Today would have been my brother Wyatt's 64th birthday. Sadly, we lost him to a rare disease, shortly after he turned 49. I wrote this story about him several years ago, but I repost it each year on the first day of June to keep his memory alive. ~MSW
Every family has their stories, tales that are passed down over generations. These accounts are shared from one family griot to another, each with its own heroes and villains. Over time and with each telling, the characters in these stories become larger than life. Sometimes, legends are born. In my family’s story, Wyatt Weems is one such legend.

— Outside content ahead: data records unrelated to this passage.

(* Let $N\ge1$, $0\le q<N/2$, let $0<\varepsilon<N/2-q$, and define \[ \phi_0(x):=\begin{cases}|x|^{-N}(-\log|x|)^{-\frac N2-1+\varepsilon}, & |x|<1/e,\\ 0, & |x|\ge 1/e.\end{cases} \] Then (i) $\phi_0\in X_q$ (in particular $\phi_0\in L^1(\mathbb{R}^N)$); (ii) for every $T>0$ there is no constant $\gamma_0>0$ such that $\int_{B(\tau)}\phi_0(x)\,dx\le \gamma_0|\log\tau|^{-N/2}$ for all $0<\tau<T$.
   Context: $X_q:=\{\phi\in L^1_{\rm loc}(\mathbb{R}^N): \int_{\mathbb{R}^N}|\phi|[\log(e+|\phi|)]^q\,dx<\infty\}$; $B(\tau):=\{x\in\mathbb{R}^N: |x|<\tau\}$. *)

theory Defs
  imports "HOL-Analysis.Analysis"
begin

definition L1_loc :: "('a::euclidean_space \<Rightarrow> real) set" where
  "L1_loc = {\<phi>. \<phi> \<in> borel_measurable lebesgue \<and>
                 (\<forall>K. compact K \<longrightarrow> set_integrable lebesgue K \<phi>)}"

definition X_space :: "real \<Rightarrow> ('a::euclidean_space \<Rightarrow> real) set" where
  "X_space q = {\<phi>. \<phi> \<in> L1_loc \<and>
      (\<integral>\<^sup>+ x. ennreal (\<bar>\<phi> x\<bar> * (ln (exp 1 + \<bar>\<phi> x\<bar>)) powr q) \<partial>lebesgue) < \<infinity>}"

definition phi0 :: "real \<Rightarrow> 'a::euclidean_space \<Rightarrow> real" where
  "phi0 \<epsilon> x = (if norm x < exp (-1)
      then norm x powr (- real DIM('a)) * (- ln (norm x)) powr (- real DIM('a) / 2 - 1 + \<epsilon>)
      else 0)"

end

theory Submission
  imports Defs "HOL-Real_Asymp.Real_Asymp"
begin

text \<open>With \<open>N = DIM('a)\<close> and \<open>a = N/2 + 1 - \<epsilon> > 1\<close>, polar coordinates turn \<open>\<phi>\<^sub>0\<close> into the
  one-dimensional density \<open>N \<omega>\<^sub>N (-ln r) powr (-a) / r\<close>, which has the explicit primitive
  \<open>N \<omega>\<^sub>N (-ln r) powr (1 - a) / (a - 1)\<close>. Hence \<open>\<phi>\<^sub>0\<close> is integrable and its integral over
  \<open>B(\<tau>)\<close> is a constant times \<open>|ln \<tau>| powr (\<epsilon> - N/2)\<close>, which eventually exceeds every
  \<open>\<gamma>\<^sub>0 |ln \<tau>| powr (-N/2)\<close> as \<open>\<tau> \<rightarrow> 0\<close>. For the Orlicz condition, \<open>\<phi>\<^sub>0(x) \<le> |x| powr (-N)\<close>
  gives \<open>ln (e + \<phi>\<^sub>0(x)) \<le> (N + 1) |ln |x||\<close>, so the integrand is dominated by the same profile
  with \<open>a\<close> replaced by \<open>a - q > 1\<close>.\<close>

text \<open>The library's \<open>measure_eqI_lessThan\<close> works with the rays \<open>{x<..}\<close>, which have infinite
  measure under the distribution of the norm.\<close>

lemma measure_eqI_Iio:
  fixes M N :: "real measure"
  assumes sets: "sets M = sets borel" "sets N = sets borel"
  assumes fin: "\<And>x. emeasure M {..<x} < \<infinity>"
  assumes eq: "\<And>x. emeasure M {..<x} = emeasure N {..<x}"
  shows "M = N"
proof (rule measure_eqI_generator_eq_countable)
  let ?E = "range (\<lambda>a::real. {..<a})"
  have "{..<a} \<inter> {..<b} = {..<min a b}" for a b :: real
    by auto
  then show "Int_stable ?E"
    by (auto simp: Int_stable_def)
  show "?E \<subseteq> Pow UNIV" "sets M = sigma_sets UNIV ?E" "sets N = sigma_sets UNIV ?E"
    unfolding sets borel_Iio by auto
  have "\<exists>q\<in>\<rat>. x < q" for x :: real
    using Rats_dense_in_real[of x "x + 1"] by auto
  with fin show "(\<lambda>a. {..<a}) ` \<rat> \<subseteq> ?E" "(\<Union>i\<in>\<rat>. {..<i::real}) = UNIV"
    "\<And>A. A \<in> (\<lambda>a. {..<a}) ` \<rat> \<Longrightarrow> emeasure M A \<noteq> \<infinity>"
    by (auto simp: less_top)
qed (auto intro: eq countable_rat)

When I was in the fourth grade, an older boy approached me on the playground. Once we were face to face, he informed me of his intention to “get me” after school. This was the schoolyard equivalent of the slap to the face with a glove that precedes a dual, the throwing down of a gauntlet. Earlier that day, I'd insulted his younger sister, leaving him little choice but to issue a challenge to defend his sibling’s honor.
I have no recollection of what I said to the boy’s sister to earn his challenge. But by the fourth grade, I’d already developed a reputation as a kid with a smart mouth. I was a sickly, asthmatic kid who wore glasses with Coke-bottle lenses. The proverbial wimpy kid. In other words, I was a prime target for bullying. So I used my sharp wit was my defense mechanism.
Like the species of fish that puffs itself up to frighten away predators, I learned to inflate myself, if only temporarily, when under threat. I then subjected would-be bullies to a verbal barrage of ridicule and embarrassment. This time, apparently, this had backfired.
Having never been in a serious fight, I was terrified. When the 3:15 bell rang, marking the end of class, I rushed to meet Wyatt, then in the first grade. Hoping for a quick getaway, I beat it to our usual spot on the school’s playground. My escape plan did not work.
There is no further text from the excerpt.